Assignment - Your task is to give the number of lines below that contain "moreover". Give no other text.

Entries shown -
lemma matching_Plus_Inl:
  assumes "matching (I <+> J) (case_sum F G) A h"
  shows "matching I F {a \<in> A. isl (h a)} (projl \<circ> h)"
  unfolding matching_def
proof (intro conjI ballI)
  have Inl: "h a = Inl (projl (h a))" if "a \<in> {a \<in> A. isl (h a)}" for a
    using that by simp
  show "inj_on (projl \<circ> h) {a \<in> A. isl (h a)}"
    using assms unfolding matching_def by (intro inj_onI) (metis Inl comp_apply inj_onD mem_Collect_eq)
  show "(projl \<circ> h) ` {a \<in> A. isl (h a)} \<subseteq> I"
    using assms Inl unfolding matching_def by (force simp: Plus_def)
  show "a \<in> F ((projl \<circ> h) a)" if "a \<in> {a \<in> A. isl (h a)}" for a
    using assms Inl[OF that] that unfolding matching_def by (metis (no_types, lifting) comp_apply mem_Collect_eq sum.case(1))
qed

lemma matching_Plus_Inr:
  assumes "matching (I <+> J) (case_sum F G) A h"
  shows "matching J G {a \<in> A. \<not> isl (h a)} (projr \<circ> h)"
  unfolding matching_def
proof (intro conjI ballI)
  have Inr: "h a = Inr (projr (h a))" if "a \<in> {a \<in> A. \<not> isl (h a)}" for a
    using that by simp
  show "inj_on (projr \<circ> h) {a \<in> A. \<not> isl (h a)}"
    using assms unfolding matching_def by (intro inj_onI) (metis Inr comp_apply inj_onD mem_Collect_eq)
  show "(projr \<circ> h) ` {a \<in> A. \<not> isl (h a)} \<subseteq> J"
    using assms Inr unfolding matching_def by (force simp: Plus_def)
  show "a \<in> G ((projr \<circ> h) a)" if "a \<in> {a \<in> A. \<not> isl (h a)}" for a
    using assms Inr[OF that] that unfolding matching_def by (metis (no_types, lifting) comp_apply mem_Collect_eq sum.case(2))
qed

lemma partial_transversal_Plus:
  "partial_transversal (I <+> J) (case_sum F G) A \<longleftrightarrow>
    (\<exists>A1 A2. A = A1 \<union> A2 \<and> A1 \<inter> A2 = {} \<and> partial_transversal I F A1 \<and> partial_transversal J G A2)"
proof
  assume "partial_transversal (I <+> J) (case_sum F G) A"
  then obtain h where h: "matching (I <+> J) (case_sum F G) A h"
    using partial_transversal_iff_matching by blast
  have "A = {a \<in> A. isl (h a)} \<union> {a \<in> A. \<not> isl (h a)}"
    and "{a \<in> A. isl (h a)} \<inter> {a \<in> A. \<not> isl (h a)} = {}" by auto
  with matching_Plus_Inl[OF h] matching_Plus_Inr[OF h]
  show "\<exists>A1 A2. A = A1 \<union> A2 \<and> A1 \<inter> A2 = {} \<and> partial_transversal I F A1 \<and>
      partial_transversal J G A2"
    unfolding partial_transversal_iff_matching by blast
next
  assume "\<exists>A1 A2. A = A1 \<union> A2 \<and> A1 \<inter> A2 = {} \<and> partial_transversal I F A1 \<and>
      partial_transversal J G A2"
  then obtain A1 A2 f1 f2 where A: "A = A1 \<union> A2"
    and f1: "matching I F A1 f1" and f2: "matching J G A2 f2"
    unfolding partial_transversal_iff_matching by blast
  define h where "h a = (if a \<in> A1 then Inl (f1 a) else Inr (f2 a))" for a
  have "inj_on h A"
  proof (rule inj_onI)
    fix a b assume "a \<in> A" "b \<in> A" "h a = h b"
    then show "a = b"
      using A f1 f2 unfolding h_def matching_def by (auto split: if_splits dest: inj_onD)
  qed
  moreover have "h ` A \<subseteq> I <+> J" "\<forall>a\<in>A. a \<in> case_sum F G (h a)"
    using A f1 f2 unfolding h_def matching_def by auto
  ultimately show "partial_transversal (I <+> J) (case_sum F G) A"
    unfolding partial_transversal_iff_matching matching_def by blast
qed

lemma partial_transversal_Un_common:
  assumes "finite J" "finite A"
  shows "partial_transversal J (\<lambda>j. F j \<union> C) A \<longleftrightarrow>
    partial_transversal J F (A - C) \<and> card A \<le> card J"
proof
  assume "partial_transversal J (\<lambda>j. F j \<union> C) A"
  then obtain h where h: "matching J (\<lambda>j. F j \<union> C) A h"
    using partial_transversal_iff_matching by blast
  then have "matching J F (A - C) h" unfolding matching_def by (auto intro: inj_on_subset)
  moreover have "card A \<le> card J"
    using card_mono[OF assms(1)] matching_card_image[OF h] h unfolding matching_def by metis
  ultimately show "partial_transversal J F (A - C) \<and> card A \<le> card J"
    using partial_transversal_iff_matching by blast
next
  assume "partial_transversal J F (A - C) \<and> card A \<le> card J"
  then obtain f where f: "matching J F (A - C) f" and card_A: "card A \<le> card J"
    using partial_transversal_iff_matching by blast
  have "f ` (A - C) \<subseteq> J" using f unfolding matching_def by blast
  then have "card (J - f ` (A - C)) = card J - card (A - C)"
    using card_Diff_subset[OF finite_subset[OF _ assms(1)]] matching_card_image[OF f] by simp
  moreover have "card A = card (A - C) + card (A \<inter> C)"
    using card_Un_disjoint[of "A - C" "A \<inter> C"] assms(2) by (simp add: Un_Diff_Int) blast
  ultimately have "card (A \<inter> C) \<le> card (J - f ` (A - C))" using card_A by linarith
  then obtain g where g: "g ` (A \<inter> C) \<subseteq> J - f ` (A - C)" "inj_on g (A \<inter> C)"
    using card_le_inj[of "A \<inter> C" "J - f ` (A - C)"] assms by blast
  define h where "h a = (if a \<in> C then g a else f a)" for a
  have "inj_on h A"
  proof (rule inj_onI)
    fix a b assume "a \<in> A" "b \<in> A" "h a = h b"
    then show "a = b"
      using f g unfolding h_def matching_def by (auto split: if_splits dest: inj_onD)
  qed
  moreover have "h ` A \<subseteq> J" "\<forall>a\<in>A. a \<in> F (h a) \<union> C"
    using f g unfolding h_def matching_def by auto
  ultimately show "partial_transversal J (\<lambda>j. F j \<union> C) A"
    unfolding partial_transversal_iff_matching matching_def by blast
qed

lemma partial_transversal_reindex:
  assumes "inj_on e I" "\<And>i. i \<in> I \<Longrightarrow> G (e i) = F i"
  shows "partial_transversal (e ` I) G A \<longleftrightarrow> partial_transversal I F A"
proof
  assume "partial_transversal (e ` I) G A"
  then obtain h where h: "matching (e ` I) G A h" using partial_transversal_iff_matching by blast
  have "matching I F A (the_inv_into I e \<circ> h)"
    unfolding matching_def
  proof (intro conjI ballI)
    have h_img: "h ` A \<subseteq> e ` I" using h unfolding matching_def by blast
    show "inj_on (the_inv_into I e \<circ> h) A"
      using comp_inj_on[OF _ inj_on_subset[OF inj_on_the_inv_into[OF assms(1)] h_img]] h
      unfolding matching_def by blast
    show "(the_inv_into I e \<circ> h) ` A \<subseteq> I"
      using h_img the_inv_into_into[OF assms(1)] by fastforce
    show "a \<in> F ((the_inv_into I e \<circ> h) a)" if "a \<in> A" for a
      using h that h_img assms f_the_inv_into_f[OF assms(1)] the_inv_into_into[OF assms(1)]
      unfolding matching_def by (metis comp_apply image_subset_iff order_refl)
  qed
  then show "partial_transversal I F A" using partial_transversal_iff_matching by blast
next
  assume "partial_transversal I F A"
  then obtain f where "matching I F A f" using partial_transversal_iff_matching by blast
  then have "matching (e ` I) G A (e \<circ> f)"
    using assms unfolding matching_def by (auto intro: comp_inj_on inj_on_subset)
  then show "partial_transversal (e ` I) G A" using partial_transversal_iff_matching by blast
qed

context
  fixes S T :: "'a set" and indM indN :: "'a set \<Rightarrow> bool"
    and J :: "'j set" and F :: "'j \<Rightarrow> 'a set" and I :: "'i set" and G :: "'i \<Rightarrow> 'a set"
  assumes finite: "finite S" "finite T" and disjoint: "S \<inter> T = {}"
    and indM: "\<And>A. indM A \<longleftrightarrow> A \<subseteq> S \<and> partial_transversal J F A"
    and finite_J: "finite J" and card_J: "card J = mrank indM S"
    and indN: "\<And>A. indN A \<longleftrightarrow> A \<subseteq> T \<and> partial_transversal I G A"
    and G_T: "\<forall>i\<in>I. G i \<subseteq> T"
begin

lemmas matroid_M = matroid_partial_transversals[OF finite(1) indM]
   and matroid_N = matroid_partial_transversals[OF finite(2) indN]

lemma free_product_imp_partial_transversal:
  assumes "free_product S indM T indN A"
  shows "partial_transversal (J <+> I) (case_sum (\<lambda>j. F j \<union> T) G) A"
proof -
  have A: "A \<subseteq> S \<union> T" and indep_S: "indM (A \<inter> S)"
    and nullity: "mnullity indN (A \<inter> T) \<le> mlambda S indM (A \<inter> S)"
    using assms unfolding free_product_def by auto
  obtain P where P: "P \<subseteq> A \<inter> T" "indN P" "card P = mrank indN (A \<inter> T)"
    using obtain_indep_card_mrank[OF matroid_N] by metis
  have fin_AT: "finite (A \<inter> T)" using finite(2) by simp
  have "card (A \<inter> T - P) = mnullity indN (A \<inter> T)"
    using card_Diff_subset[OF finite_subset[OF P(1) fin_AT] P(1)] P(3) unfolding mnullity_def by simp
  moreover have "mlambda S indM (A \<inter> S) = card J - card (A \<inter> S)"
    using card_J mrank_indep[OF matroid_M indep_S] unfolding mlambda_def by simp
  moreover have "card (A \<inter> S) \<le> card J"
    using card_le_mrank[OF matroid_M _ indep_S] card_J by simp
  moreover have "A - P = (A \<inter> S) \<union> (A \<inter> T - P)" "(A \<inter> S) \<inter> (A \<inter> T - P) = {}"
    using A P(1) disjoint by blast+
  ultimately have "card (A - P) \<le> card J"
    using nullity card_Un_disjoint[of "A \<inter> S" "A \<inter> T - P"] finite by simp
  moreover have "finite (A - P)" using A finite by (meson Diff_subset finite_UnI finite_subset subset_trans)
  moreover have "A - P - T = A \<inter> S" using A P(1) disjoint by blast
  then have "partial_transversal J F (A - P - T)" using indep_S indM by simp
  ultimately have "partial_transversal J (\<lambda>j. F j \<union> T) (A - P)"
    using partial_transversal_Un_common[OF finite_J] by blast
  moreover have "partial_transversal I G P" using P(2) indN by blast
  moreover have "A = (A - P) \<union> P" "(A - P) \<inter> P = {}" using P(1) by auto
  ultimately show ?thesis unfolding partial_transversal_Plus by blast
qed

Reply - 11